Fourth, Social Security is poor stewardship of the resources used to fund the system. Because it is a wealth transfer scheme instead of actual savings, the money going into the system is not being invested in the economy. The economy's rate of growth is substantially slowed by Social Security, as several economic studies have shown.
Finally, Social Security eliminates some of the economic benefits that come from having large families. William Mattox, Jr., writing in USA Today (July 6, 1999), notes Allan Carlson's argument that today's smaller families may be related to Social Security:
[I]t's funny how "maybe one" advocates never get around to complaining about the fact that their Social Security benefits will be largely financed by other people's children. Indeed, Allan Carlson, president of the Howard Center for Family, Religion and Society, points out that government old-age programs tend to disrupt the natural economic incentive for adults to invest themselves in child rearing.
Carlson says that if Social Security did not rob Peter to pay Paul, Americans would be more apt to appreciate the long-term social-insurance value of raising children. And Americans would be more apt to question various economic projections about how ridiculously "expensive" child rearing is today.
The presence of Social Security can serve as an excuse for family members, and the church, to dodge their responsibilities to widows and orphans. Because Social Security is available, parents may not be as concerned about maintaining a close relationship with their children, or church members with their church. When one is not financially dependent on another, one may be less inclined to resolve differences and pursue peace.
The church is a backup for the family when the family cannot provide for its own needy (again, see I Timothy 5:16). Yet the family should be the first recourse when disaster strikes. Social Security bypasses the church, and makes the church and the family unit less economically relevant, and therefore less effective.

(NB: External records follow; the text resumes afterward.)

(* Let $a,\omega\in\mathbb{R}$ and on $T^*\mathbb{R}^2$ with coordinates ordered as $(p_x,p_y,x,y)$ consider \[H_{\mathrm{SK}}=\tfrac12(p_x^2+p_y^2)+\tfrac{\omega}{2}(x^2+y^2)+axy^2+\tfrac a3x^3,\qquad F_{\mathrm{SK}}=p_xp_y+\omega xy+ax^2y+\tfrac a3y^3.\] Let $X$ be the vector field with components $X^{p_x}=-\frac{xp_x+yp_y}{\sqrt2}$, $X^{p_y}=-\frac{yp_x+xp_y}{\sqrt2}$, $X^x=X^y=0$, let $P_1=\mathcal L_XP_0=-(J_XP_0+P_0J_X^{\top})$ ($J_X$ the Jacobian matrix of $X$), $N=P_1P_0^{-1}$ and $N^*=P_0^{-1}P_1$. Then, with covectors written as column vectors of partial derivatives in the order $(p_x,p_y,x,y)$, \[N^*dH_{\mathrm{SK}}=\tfrac{x}{\sqrt2}\,dH_{\mathrm{SK}}+\tfrac{y}{\sqrt2}\,dF_{\mathrm{SK}},\qquad N^*dF_{\mathrm{SK}}=\tfrac{y}{\sqrt2}\,dH_{\mathrm{SK}}+\tfrac{x}{\sqrt2}\,dF_{\mathrm{SK}},\] so that the control matrix has eigenvalues $u_1=\frac{x+y}{\sqrt2}$, $u_2=\frac{x-y}{\sqrt2}$. Moreover, with $v_1=\frac{p_x+p_y}{\sqrt2}$, $v_2=\frac{p_x-p_y}{\sqrt2}$, one has $p_x\,dx+p_y\,dy=v_1\,du_1+v_2\,du_2$ and \[H_{\mathrm{SK}}=H_1+H_2,\qquad F_{\mathrm{SK}}=H_1-H_2,\qquad H_i=\tfrac12v_i^2+\tfrac{\omega}{2}u_i^2+\tfrac{\sqrt2\,a}{3}u_i^3\ (i=1,2),\] so that the Hamilton equations of $H_{\mathrm{SK}}$ split into the two decoupled systems $\ddot u_i+\omega u_i+\sqrt2\,a\,u_i^2=0$, $i=1,2$.
   Context: $P_0$ is the canonical Poisson tensor on $T^*\mathbb{R}^2$, which in the ordering $(p_x,p_y,x,y)$ is the matrix $\begin{pmatrix}0&-I_2\\ I_2&0\end{pmatrix}$, corresponding to the bracket with $\{x,p_x\}_0=\{y,p_y\}_0=1$. *)

theory Defs
  imports "HOL-Analysis.Analysis"
begin

type_synonym state = "real^4"

definition px :: "state \<Rightarrow> real" where "px z = z $ 1"
definition py :: "state \<Rightarrow> real" where "py z = z $ 2"
definition qx :: "state \<Rightarrow> real" where "qx z = z $ 3"
definition qy :: "state \<Rightarrow> real" where "qy z = z $ 4"

definition grad :: "(state \<Rightarrow> real) \<Rightarrow> state \<Rightarrow> real^4" where
  "grad f z = (\<chi> i. frechet_derivative f (at z) (axis i 1))"

text \<open>Canonical Poisson tensor P0 = [[0,-I],[I,0]].\<close>
definition P0 :: "real^4^4" where
  "P0 = (\<chi> i j. if i = 1 \<and> j = 3 then -1 else if i = 2 \<and> j = 4 then -1
               else if i = 3 \<and> j = 1 then 1 else if i = 4 \<and> j = 2 then 1 else 0)"

definition H_SK :: "real \<Rightarrow> real \<Rightarrow> state \<Rightarrow> real" where
  "H_SK a \<omega> z = (px z ^ 2 + py z ^ 2) / 2 + \<omega> / 2 * (qx z ^ 2 + qy z ^ 2)
                 + a * qx z * qy z ^ 2 + a / 3 * qx z ^ 3"

definition F_SK :: "real \<Rightarrow> real \<Rightarrow> state \<Rightarrow> real" where
  "F_SK a \<omega> z = px z * py z + \<omega> * qx z * qy z + a * qx z ^ 2 * qy z + a / 3 * qy z ^ 3"

definition Xf :: "state \<Rightarrow> real^4" where
  "Xf z = (\<chi> i. if i = 1 then - (qx z * px z + qy z * py z) / sqrt 2
              else if i = 2 then - (qy z * px z + qx z * py z) / sqrt 2
              else 0)"

text \<open>J_X: Jacobian matrix of X, (J_X)_{ij} = dX^i / dz_j.\<close>
definition JX :: "state \<Rightarrow> real^4^4" where
  "JX z = jacobian Xf (at z)"

text \<open>P1 = L_X P0 = -(J_X P0 + P0 J_X^T).\<close>
definition P1 :: "state \<Rightarrow> real^4^4" where
  "P1 z = - (JX z ** P0 + P0 ** transpose (JX z))"

definition Nrec :: "state \<Rightarrow> real^4^4" where
  "Nrec z = P1 z ** matrix_inv P0"

definition Nstar :: "state \<Rightarrow> real^4^4" where
  "Nstar z = matrix_inv P0 ** P1 z"

definition u1 :: "state \<Rightarrow> real" where "u1 z = (qx z + qy z) / sqrt 2"
definition u2 :: "state \<Rightarrow> real" where "u2 z = (qx z - qy z) / sqrt 2"
definition v1 :: "state \<Rightarrow> real" where "v1 z = (px z + py z) / sqrt 2"
definition v2 :: "state \<Rightarrow> real" where "v2 z = (px z - py z) / sqrt 2"

definition Hi :: "real \<Rightarrow> real \<Rightarrow> real \<Rightarrow> real \<Rightarrow> real" where
  "Hi a \<omega> u v = v ^ 2 / 2 + \<omega> / 2 * u ^ 2 + sqrt 2 * a / 3 * u ^ 3"

definition H1 :: "real \<Rightarrow> real \<Rightarrow> state \<Rightarrow> real" where "H1 a \<omega> z = Hi a \<omega> (u1 z) (v1 z)"
definition H2 :: "real \<Rightarrow> real \<Rightarrow> state \<Rightarrow> real" where "H2 a \<omega> z = Hi a \<omega> (u2 z) (v2 z)"

text \<open>Control matrix: N* (dH, dF) = C (dH, dF).\<close>
definition control :: "state \<Rightarrow> real^2^2" where
  "control z = (\<chi> i j. if i = j then qx z / sqrt 2 else qy z / sqrt 2)"

end

theory Submission
  imports Defs
begin

(* N* = (x I + y S) / sqrt 2, where the involution S exchanges p_x with p_y and x with y, and
   S maps dH_SK to dF_SK.  Hence N* acts on span {dH_SK, dF_SK} by the matrix [[x, y], [y, x]] / sqrt 2,
   whose eigenvalues are (x +- y) / sqrt 2.  The coordinates along the (+-1)-eigenvectors of S are
   canonical, and in them the cubic potential separates, because (x + y)^3 +- (x - y)^3 reproduce the
   cubic terms of H_SK and F_SK; Hamilton's equations for these linear observables then decouple. *)

definition vec4 :: "'a \<Rightarrow> 'a \<Rightarrow> 'a \<Rightarrow> 'a \<Rightarrow> 'a^4" where
  "vec4 a b c d = (\<chi> i. if i = 1 then a else if i = 2 then b else if i = 3 then c else d)"

lemma vec4_nth [simp]:
  "vec4 a b c d $ 1 = a" "vec4 a b c d $ 2 = b" "vec4 a b c d $ 3 = c" "vec4 a b c d $ 4 = d"
  by (simp_all add: vec4_def)

lemma inner_vec4: "vec4 a b c d \<bullet> h = a * h$1 + b * h$2 + c * h$3 + d * h$4"
  by (simp add: inner_vec_def sum_4)

lemma matrix_inv_unique:
  fixes A B :: "'a::semiring_1^'n^'n"
  assumes "A ** B = mat 1" and "B ** A = mat 1"
  shows "matrix_inv A = B"
proof -
  have "C = B" if "A ** C = mat 1 \<and> C ** A = mat 1" for C
    by (metis assms(2) matrix_mul_assoc matrix_mul_rid that)
  then show ?thesis
    unfolding matrix_inv_def using someI[of "\<lambda>C. A ** C = mat 1 \<and> C ** A = mat 1" B] assms
    by blast
qed

lemma has_derivative_vec_nth [derivative_intros]:
  "((\<lambda>z. z $ i) has_derivative (\<lambda>h. h $ i)) F"
  by (rule bounded_linear_imp_has_derivative) (rule bounded_linear_vec_nth)

lemma grad_eqI:
  assumes "(f has_derivative (\<lambda>h. g \<bullet> h)) (at z)"
  shows "grad f z = g"
  by (simp add: grad_def frechet_derivative_at[OF assms, symmetric] vec_eq_iff inner_axis)

lemma grad_inner: "grad (\<lambda>z. c \<bullet> z) z = c"
  by (rule grad_eqI) (rule bounded_linear_imp_has_derivative[OF bounded_linear_inner_right])

lemma has_real_derivative_inner:
  fixes \<gamma> :: "real \<Rightarrow> 'a::real_inner"
  assumes "(\<gamma> has_vector_derivative \<gamma>') F"
  shows "((\<lambda>s. c \<bullet> \<gamma> s) has_real_derivative c \<bullet> \<gamma>') F"
  using bounded_linear.has_vector_derivative[OF bounded_linear_inner_right assms]
  by (simp add: has_real_derivative_iff_has_vector_derivative)

lemma jacobian_eqI:
  fixes f :: "real^'n \<Rightarrow> real^'m"
  assumes "(f has_derivative (\<lambda>h. A *v h)) (at z)"
  shows "jacobian f (at z) = A"
  by (simp add: jacobian_def frechet_derivative_at[OF assms, symmetric])

lemma P0_vec4: "P0 *v vec4 a b c d = vec4 (- c) (- d) a b"
  by (simp add: P0_def matrix_vector_mult_def vec_eq_iff forall_4 sum_4)

lemma matrix_inv_P0: "matrix_inv P0 = - P0"
  by (rule matrix_inv_unique)
     (simp_all add: P0_def matrix_matrix_mult_def vec_eq_iff forall_4 sum_4 mat_def)

lemma grad_H_SK: "grad (H_SK a \<omega>) z = vec4 (px z) (py z)
    (\<omega> * qx z + a * qx z ^ 2 + a * qy z ^ 2) (\<omega> * qy z + 2 * a * qx z * qy z)"
  unfolding H_SK_def px_def py_def qx_def qy_def
  by (rule grad_eqI, (rule derivative_eq_intros refl | simp)+)
     (auto simp: inner_vec4 field_simps power2_eq_square)

lemma grad_F_SK: "grad (F_SK a \<omega>) z = vec4 (py z) (px z)
    (\<omega> * qy z + 2 * a * qx z * qy z) (\<omega> * qx z + a * qx z ^ 2 + a * qy z ^ 2)"
  unfolding F_SK_def px_def py_def qx_def qy_def
  by (rule grad_eqI, (rule derivative_eq_intros refl | simp)+)
     (auto simp: inner_vec4 field_simps power2_eq_square)

definition swap_xy :: "real^4^4" where
  "swap_xy = vec4 (vec4 0 1 0 0) (vec4 1 0 0 0) (vec4 0 0 0 1) (vec4 0 0 1 0)"

lemma swap_xy_vec4: "swap_xy *v vec4 a b c d = vec4 b a d c"
  by (simp add: swap_xy_def matrix_vector_mult_def vec_eq_iff forall_4 sum_4)

lemma swap_xy_swap_xy: "swap_xy *v (swap_xy *v v) = v"
  by (simp add: swap_xy_def matrix_vector_mult_def vec_eq_iff forall_4 sum_4)

lemma grad_F_SK_eq_swap: "grad (F_SK a \<omega>) z = swap_xy *v grad (H_SK a \<omega>) z"
  by (simp add: grad_H_SK grad_F_SK swap_xy_vec4)

lemma Xf_eq: "Xf = (\<lambda>z. (- (z$3 * z$1 + z$4 * z$2) / sqrt 2) *\<^sub>R axis 1 1
                 + (- (z$4 * z$1 + z$3 * z$2) / sqrt 2) *\<^sub>R axis 2 1)"
  by (auto simp: Xf_def vec_eq_iff forall_4 axis_def px_def py_def qx_def qy_def)

lemma JX_eq: "JX z = - (1 / sqrt 2) *\<^sub>R
    vec4 (vec4 (qx z) (qy z) (px z) (py z)) (vec4 (qy z) (qx z) (py z) (px z)) 0 0"
  unfolding JX_def Xf_eq
  by (rule jacobian_eqI, (rule derivative_eq_intros refl | simp)+)
     (simp add: fun_eq_iff vec_eq_iff forall_4 matrix_vector_mult_def sum_4 axis_def field_simps
       px_def py_def qx_def qy_def)

lemma Nstar_eq: "Nstar z = (qx z / sqrt 2) *\<^sub>R mat 1 + (qy z / sqrt 2) *\<^sub>R swap_xy"
  unfolding Nstar_def P1_def matrix_inv_P0 JX_eq
  by (simp add: P0_def swap_xy_def matrix_matrix_mult_def vec_eq_iff forall_4 sum_4 transpose_def
      mat_def)

lemma Nstar_mult: "Nstar z *v v = (qx z / sqrt 2) *\<^sub>R v + (qy z / sqrt 2) *\<^sub>R (swap_xy *v v)"
  by (simp add: Nstar_eq matrix_vector_mult_add_rdistrib scaleR_matrix_vector_assoc[symmetric])

lemma det_control: "det (mat l - control z) = (l - u1 z) * (l - u2 z)"
  by (simp add: det_2 control_def mat_def u1_def u2_def field_simps power2_eq_square)

(* sigma = 1 and sigma = -1 give (u1, v1) and (u2, v2), the coordinates along the eigenvectors
   of swap_xy. *)
definition normal_q :: "real \<Rightarrow> state \<Rightarrow> real" where
  "normal_q \<sigma> z = (qx z + \<sigma> * qy z) / sqrt 2"

definition normal_p :: "real \<Rightarrow> state \<Rightarrow> real" where
  "normal_p \<sigma> z = (px z + \<sigma> * py z) / sqrt 2"

lemma normal_coordinates:
  "u1 = normal_q 1" "u2 = normal_q (- 1)" "v1 = normal_p 1" "v2 = normal_p (- 1)"
  by (simp_all add: fun_eq_iff u1_def u2_def v1_def v2_def normal_q_def normal_p_def)

lemma qx_eq_inner: "qx z = vec4 0 0 1 0 \<bullet> z"
  by (simp add: inner_vec4 qx_def)

lemma qy_eq_inner: "qy z = vec4 0 0 0 1 \<bullet> z"
  by (simp add: inner_vec4 qy_def)

lemma normal_q_eq_inner: "normal_q \<sigma> z = vec4 0 0 (1 / sqrt 2) (\<sigma> / sqrt 2) \<bullet> z"
  by (simp add: inner_vec4 normal_q_def qx_def qy_def add_divide_distrib)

How, then can our society move toward a more family- and church-oriented system of economic dependencies, and away from our current dependency on the state? The first step will be a renewed recognition of the mutual responsibilities family members and church members have toward one another, and a preparation to meet those needs. Families should save not only for vacations, houses, education, and retirement, but for emergencies beyond the immediate family. Churches should become sources of practical assistance, and not simply direct the needy to state programs.
Next, the state can assist in returning charity and old-age provision to families by phasing out Social Security. There is no way to do this without someone losing some benefit they expected. Some group is going to receive less than it expected, whether those currently receiving benefits or those currently paying in to the system. Cutting benefits will succeed politically only if a large number are "grandfathered" into the current benefits setup. But the sooner Social Security taxes are ended, the sooner money will be freed up to go into personal savings and charitable efforts. Some nations have phased out their own Social security systems by moving to required contributions to individual IRA-type investments. The state has no legitimate authority to require people to provide for their retirement in any fashion, but at least the wealth redistribution aspect of old age provision would be reduced.
As difficult as the politics may be, eliminating Social Security is, I believe, a moral obligation. The closer we move to reestablishing the family as an economic support network, the stronger our society will be.
- Timothy D. Terrell
Timothy Terrell is associate professor of economics at Wofford College in Spartanburg, South Carolina. He is assistant editor of the Quarterly Journal of Austrian Economics and is an Associated Scholar with the Mises Institute.